KAREN ARGENTI, a 57-year-old environmental consultant who lived on the west side of Jerome Park Reservoir in the Bronx for 20 years, still remembers how the music from concerts in Harris Park, on the reservoir’s east side, used to carry across the water.

That sound carries over water so well is one of many reasons Ms. Argenti can’t believe that for at least three weeks and possibly longer, the city’s Department of Environmental Protection plans to do blasting along the 94-acre reservoir’s eastern edge, near Goulden Avenue and 205th Street.

“The blasting is going to be just like the music,” she said. “People are going to hear it everywhere.”

The agency has long intended to build shafts near the reservoir to connect tunnels, which are part of the Croton Water Filtration Plant project, a treatment facility that the agency is building beneath Van Cortlandt Park. But a few weeks ago, the department announced that instead of drilling to make space for the shafts, it would blast.
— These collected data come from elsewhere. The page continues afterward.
(* Let $\Omega\subset\mathbb{R}^n$ be a bounded, strictly convex domain, $\Lambda\ge1$, $K<\infty$, and let $v\in C(\overline\Omega)$ satisfy $M_\Lambda^-(D^2v)\le K$ in $\Omega$ in the viscosity sense. Suppose a paraboloid $P$ of opening $-a<0$ is tangent from below to $\Gamma^0_v$ in $\Omega$ at a point $x_0\in\Omega\setminus A_0(v)$, and suppose that for some $t>0$ the paraboloid $P+t$ is tangent from below to $v$ in $\Omega$ at a point $x_1\in\overline\Omega$ (i.e. $P+t\le v$ on $\overline\Omega$ and $P(x_1)+t=v(x_1)$). Then $x_1\in\overline\Omega\setminus A_0(v)$.
   Context: For a symmetric $n\times n$ matrix $N$, $M_\Lambda^-(N) := (\text{sum of positive eigenvalues of }N) + \Lambda\,(\text{sum of negative eigenvalues of }N)$. For $u,\varphi\in C(\overline\Omega)$, $\varphi$ is tangent from below to $u$ in $\Omega$ at $x_0$ if $\varphi\le u$ in $\overline\Omega$ and $\varphi(x_0)=u(x_0)$. $M_\Lambda^-(D^2v)\le K$ in the viscosity sense in $\Omega$ means $M_\Lambda^-(D^2\varphi(x_0))\le K$ whenever $\varphi\in C^2(\overline\Omega)$ is tangent from below to $v$ in $\Omega$ at $x_0\in\Omega$. A paraboloid of opening $a$ is a function $P^a_{y,b}(x)=\frac a2|x|^2+y\cdot x+b$ with $y\in\mathbb{R}^n$, $b\in\mathbb{R}$. For $a\ge 0$, the $a$-convex envelope of $v$ is $\Gamma^a_v(x):=\sup\{P^{-a}_{y,b}(x): y\in\mathbb{R}^n,\ b\in\mathbb{R},\ P^{-a}_{y,b}\le v\text{ in }\overline\Omega\}$ for $x\in\overline\Omega$ (so $\Gamma^0_v$ is the convex envelope), and $A_a(v):=\{x\in\Omega: v(x)=\Gamma^a_v(x)\}$. *)

theory Defs
  imports "HOL-Analysis.Analysis" "HOL-Computational_Algebra.Polynomial"
begin
text \<open>Past the last time at which \<open>f \<ge> 0\<close>, the equation gives \<open>f' \<ge> -f > 0\<close>, so \<open>f\<close> cannot
  have become negative.\<close>

lemma integral_equation_nonneg:
  fixes f p :: "real \<Rightarrow> real"
  assumes "a \<le> b" "continuous_on {a..b} f" "f a \<ge> 0"
    and I: "\<forall>r\<in>{a..b}. ((\<lambda>s. - f s + p s) has_integral (f r - f a)) {a..r}"
    and P: "\<forall>s\<in>{a<..b}. p s \<ge> 0"
    and c: "c \<in> {a..b}"
  shows "f c \<ge> 0"
proof (rule ccontr)
  assume "\<not> f c \<ge> 0"
  then have "f c < 0" by simp
  let ?S = "{a..c} \<inter> f -` {0..}"
  have "continuous_on {a..c} f" using assms(2) c by (auto intro: continuous_on_subset)
  then have "closed ?S" by (intro continuous_closed_preimage) auto
  then obtain r where r: "a \<le> r" "r < c" "r \<in> ?S" "\<And>x. r < x \<Longrightarrow> x \<le> c \<Longrightarrow> x \<notin> ?S"
    using last_point_in_closed[of ?S a c] c assms(3) \<open>f c < 0\<close> by auto
  have neg: "f x < 0" if "r < x" "x \<le> c" for x using r(4)[OF that] that r(1) by auto
  have "((\<lambda>s. - f s + p s) has_integral (f c - f a)) {a..c}"
    and "((\<lambda>s. - f s + p s) has_integral (f r - f a)) {a..r}" using I c r by auto
  from has_integral_interval_diff[OF this r(1)] r(2)
  have on_rc: "((\<lambda>s. - f s + p s) has_integral (f c - f r)) {r..c}" by simp
  have "((\<lambda>s. if s = r then 0 else - f s + p s) has_integral (f c - f r)) {r..c}"
    by (rule has_integral_spike_finite[OF _ _ on_rc, of "{r}"]) auto
  moreover have "0 \<le> (if s = r then 0 else - f s + p s)" if s: "s \<in> {r..c}" for s
  proof (cases "s = r")
    case False
    then have "r < s" "s \<le> c" "s \<in> {a<..b}" using s c r(1) by auto
    then show ?thesis using neg[of s] P by force
  qed simp
  ultimately have "0 \<le> f c - f r" by (rule has_integral_nonneg)
  then show False using r(3) \<open>f c < 0\<close> by auto
qed
text \<open>Averaged over the value of candidate \<open>i\<close>, ALG hires it with probability
  \<open>alg_p i\<close> and then gains \<open>alg_v i\<close> on average.\<close>

lemma alg_proc_eq_expected_reward:
  "set L \<subseteq> {i. i < n \<and> 0 < y i} \<Longrightarrow>
   alg_proc k J r q x y L h = expected_reward k (alg_p J x y) (alg_v J r x) L h"
proof (induction L arbitrary: h)
  case (Cons i L)
  then have i: "i < n" "0 < y i" by auto
  let ?h = "alg_hire_prob q x y i" and ?p = "alg_p J x y i" and ?v = "alg_v J r x i"
  have hire: "(\<Sum>j<J. q i j * ?h j) = ?p"
    using q_mul_alg_hire_prob i by (simp add: alg_p_def sum_divide_distrib)
  have gain: "(\<Sum>j<J. q i j * ?h j * r j) = ?p * ?v"
  proof -
    have "y i * (\<Sum>j<J. q i j * ?h j * r j) = (\<Sum>j<J. r j * x i j)"
      using q_mul_alg_hire_prob i by (simp add: sum_distrib_left mult.commute)
    also have "\<dots> = y i * (?p * ?v)"
      using y_mul_alg_p_mul_alg_v[OF i(1)] by (simp add: mult.assoc)
    finally show ?thesis
      using i(2) by simp
  qed
  have "(\<Sum>j<J. q i j * (?h j * (r j + A1) + (1 - ?h j) * A0)) = ?p * (?v + A1) + (1 - ?p) * A0" for A1 A0
  proof -
    have "(\<Sum>j<J. q i j * (?h j * (r j + A1) + (1 - ?h j) * A0))
        = (\<Sum>j<J. q i j * ?h j * r j + q i j * ?h j * (A1 - A0) + q i j * A0)"
      by (intro sum.cong) (auto simp: algebra_simps)
    also have "\<dots> = (\<Sum>j<J. q i j * ?h j * r j) + (\<Sum>j<J. q i j * ?h j) * (A1 - A0) + (\<Sum>j<J. q i j) * A0"
      by (simp add: sum.distrib sum_distrib_right)
    finally
    show ?thesis
      using hire gain valid_instance_q_sum[OF valid] i(1) by (simp add: algebra_simps)
  qed
  with Cons show ?case by simp
qed simp

end

context
  fixes n T k J :: nat and r :: "nat \<Rightarrow> real" and q :: "nat \<Rightarrow> nat \<Rightarrow> real"
    and x :: "nat \<Rightarrow> nat \<Rightarrow> real" and y :: "nat \<Rightarrow> real" and \<sigma> :: "nat set \<Rightarrow> nat list"
  assumes valid: "valid_instance n T k J r q" and feas: "lp_feasible n T k J q x y"
    and order: "alg_order_ok n (alg_v J r x) \<sigma>"
begin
According to Assemblyman Jeffrey Dinowitz, this plan is significantly different from the one laid out in the 2004 environmental impact statement that outlined the scope and effects of the project. “The fact is when the D.E.P. was trying to sell this to the community, we were specifically told there would be no blasting,” Mr. Dinowitz said, adding that he would like to see a revised environmental impact statement before the work goes further.

But with blasting scheduled to begin in early September, residents have little time left to voice their objections.